序
高度腎不全に対して血液透析療法は明らかな臨床的な効果をあげた.患者の体内から血液を得て(脱血し)人工腎でその血液を浄化した後に再び体内へ戻す(返血する)という仕組み(今日言うところのvascular access:VA)には,主として動脈の直接穿刺法が採用されていた.このため,動脈を手際よく穿刺したとしても,穿刺や抜針・圧迫操作などに伴う皮下血腫などのために,血液透析を繰り返し繰り返し継続して行うことは可能ではなかった.周知のようにQuinton & Scribnerが1960年に外シャント法を考案して後,血液透析の反復施行が可能となった.しかし,異物を血管内へ留置するこの方法では,血栓形成・血流途絶・感染症・カヌーラの逸脱など重大な随伴症を回避することが困難であった.外シャントの抱える諸問題を解決するために工夫・考案されたのがBrescia & Ciminoらによる自己動・静脈使用のいわゆる内シャント(AVF)であり,1966年のことであった.

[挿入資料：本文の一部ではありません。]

theorem theorem3p6:
  fixes A B C D :: "'a::field poly mat" and G :: "'a ratf mat"
    and n m p :: nat
  assumes psm: "is_polynomial_system_matrix n m p A B C D G"
  shows
    "(right_coprime A C \<and> proper_mat (mat_inv (ratmat A) * ratmat B) \<longrightarrow>
       (\<forall>l H1 H2. H1 \<in> carrier_mat n l \<and> H2 \<in> carrier_mat m l \<and>
          right_minimal_basis (ratmat (system_matrix A B C D)) (H1 @\<^sub>r H2) \<longrightarrow>
          right_minimal_basis G H2 \<and>
          ratmat H1 = - (mat_inv (ratmat A) * ratmat B * ratmat H2))
       \<and> right_minimal_indices (ratmat (system_matrix A B C D)) = right_minimal_indices G)
   \<and>
    (left_coprime A B \<and> proper_mat (ratmat C * mat_inv (ratmat A)) \<longrightarrow>
       (\<forall>q H1 H2. H1 \<in> carrier_mat n q \<and> H2 \<in> carrier_mat p q \<and>
          left_minimal_basis (ratmat (system_matrix A B C D)) (H1 @\<^sub>r H2) \<longrightarrow>
          left_minimal_basis G H2 \<and>
          ratmat H1 = transpose_mat (ratmat C * mat_inv (ratmat A)) * ratmat H2)
       \<and> left_minimal_indices (ratmat (system_matrix A B C D)) = left_minimal_indices G)"
proof -
  interpret sys: poly_system n m p A B C D G by (rule poly_system.intro[OF psm])
  interpret dual: poly_system n p m "transpose_mat A" "- transpose_mat C" "- transpose_mat B"
    "transpose_mat D" "transpose_mat G" by (rule sys.transpose_system)
  have left: "right_coprime (transpose_mat A) (- transpose_mat B)" "proper_mat dual.N"
    if "left_coprime A B" "proper_mat (ratmat C * mat_inv (ratmat A))"
    using that right_coprime_uminus proper_mat_uminus proper_mat_transpose
    unfolding left_coprime_def sys.transpose_N by auto
  have "ratmat H1 = transpose_mat (ratmat C * mat_inv (ratmat A)) * ratmat H2"
    if "ratmat H1 = - (dual.N * ratmat H2)" "H2 \<in> carrier_mat p q" for H1 H2 :: "'a poly mat" and q
    using that sys.Ainv(1) unfolding sys.transpose_N by simp
  thus ?thesis
    using sys.right_minimal_bases sys.right_minimal_indices_P_G
      dual.right_minimal_bases[OF left] dual.right_minimal_indices_P_G[OF left]
    unfolding left_minimal_basis_iff_transpose left_minimal_indices_eq_transpose sys.transpose_P
    by blast
qed

end
(* Let $\mathcal A_+,\mathcal A_-\subseteq\mathbb R^n$ be disjoint finite sets such that $(\mathcal A_+,\mathcal A_-)$ is nonseparable of dimension $d$, let $D\in\mathcal F_d(\mathcal A_+)$ with $\mathcal A_-\subseteq D$, write $\Lambda(\mathcal A_+,D)=\{\Delta_1,\dots,\Delta_r\}$ and fix $j\in[r]$. Then for each $a\in\mathcal A_+\setminus\operatorname{vertices}(\Delta_j)$ there is a unique facet $\Gamma_a$ of $\Delta_j$ such that $\operatorname{conv}(\Gamma_a\cup\{a\})\in\Lambda(\mathcal A_+,D)$. Consequently the map $\varphi_j:\mathcal A_+\setminus\operatorname{vertices}(\Delta_j)\to[r]\setminus\{j\}$, $a\mapsto\varphi_j(a)$ where $\Delta_{\varphi_j(a)}=\operatorname{conv}(\Gamma_a\cup\{a\})$, is well defined and injective.
   Context: For disjoint finite sets $\mathcal A_+,\mathcal A_-\subseteq\mathbb R^n$, the dimension of $(\mathcal A_+,\mathcal A_-)$ is $\dim\operatorname{conv}(\mathcal A_+\cup\mathcal A_-)$; let $d$ be this dimension. $\mathcal F(\mathcal A_+)$ is the common refinement of all regular polyhedral subdivisions of the point configuration $\mathcal A_+$, and $\mathcal F_d(\mathcal A_+)$ its $d$-dimensional cells. $(\mathcal A_+,\mathcal A_-)$ is nonseparable if $\mathcal A_-\subseteq\operatorname{relint}(\operatorname{conv}(\mathcal A_+))$ and there is $D\in\mathcal F_d(\mathcal A_+)$ with $\mathcal A_-\subseteq D$. $\Lambda(\mathcal A_+,D)$ is the set of $d$-dimensional simplices $\Delta$ with vertices in $\mathcal A_+$ such that $\operatorname{relint}(D)\subseteq\operatorname{relint}(\Delta)$. $[r]=\{1,\dots,r\}$. *)

theory Defs
  imports "HOL-Analysis.Analysis"
begin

維持血液透析用のVAは,以降,急速にAVFへと転換していった.血液透析療法の黎明期に本法に従事した医師であれば未だに鮮明な記憶をお持ちであろうが,透析医は外シャントの血栓除去処置という頻回に及ぶ難行から解放されることになるのである.AVFの到来は透析スタッフや患者にとって大きな光明であったが,維持血液透析療法を必要とする患者の背景因子(患者の高齢化や基礎疾患としての糖尿病性腎不全の急増など)が経年的に変貌してきたため,VAをAVFのみで対処することは能わざることとなった.
端的に申せば,AVF作製に供すべき脈管特に静脈の損傷・荒廃が中等度以上の症例の増加であり,グラフト(人工血管)の使用が次善の策として余儀ない事態を生み出した.
日本透析医学会の統計調査委員会の資料によれば,1998年末で人工血管使用のVA比率は4.8%に止まっていたが,2008年末のそれは7.1%(12,234/172,244)で,透析歴が20〜25年となると10.0%,25年超では12.5%と報告されており,透析期間の延長でグラフト使用率が増加することを知るのである.
グラフト使用の内シャント(AVG)は一般的に種々の側面でAVFに及ばないが,脈管損傷度の高度な症例では使用はやむを得ないのであり,考え得る合併症をできる限り減らすためには多岐にわたる知識とスキルとを身に付けなければならない.
本書は維持血液透析のVAがこうした状況下にあることを念頭に置いて,経験豊かなアクセス外科医がグラフトの基礎と臨床に関わる諸事項を詳述している.VA業務に関わる透析スタッフに是非お読みいただくことを願っている.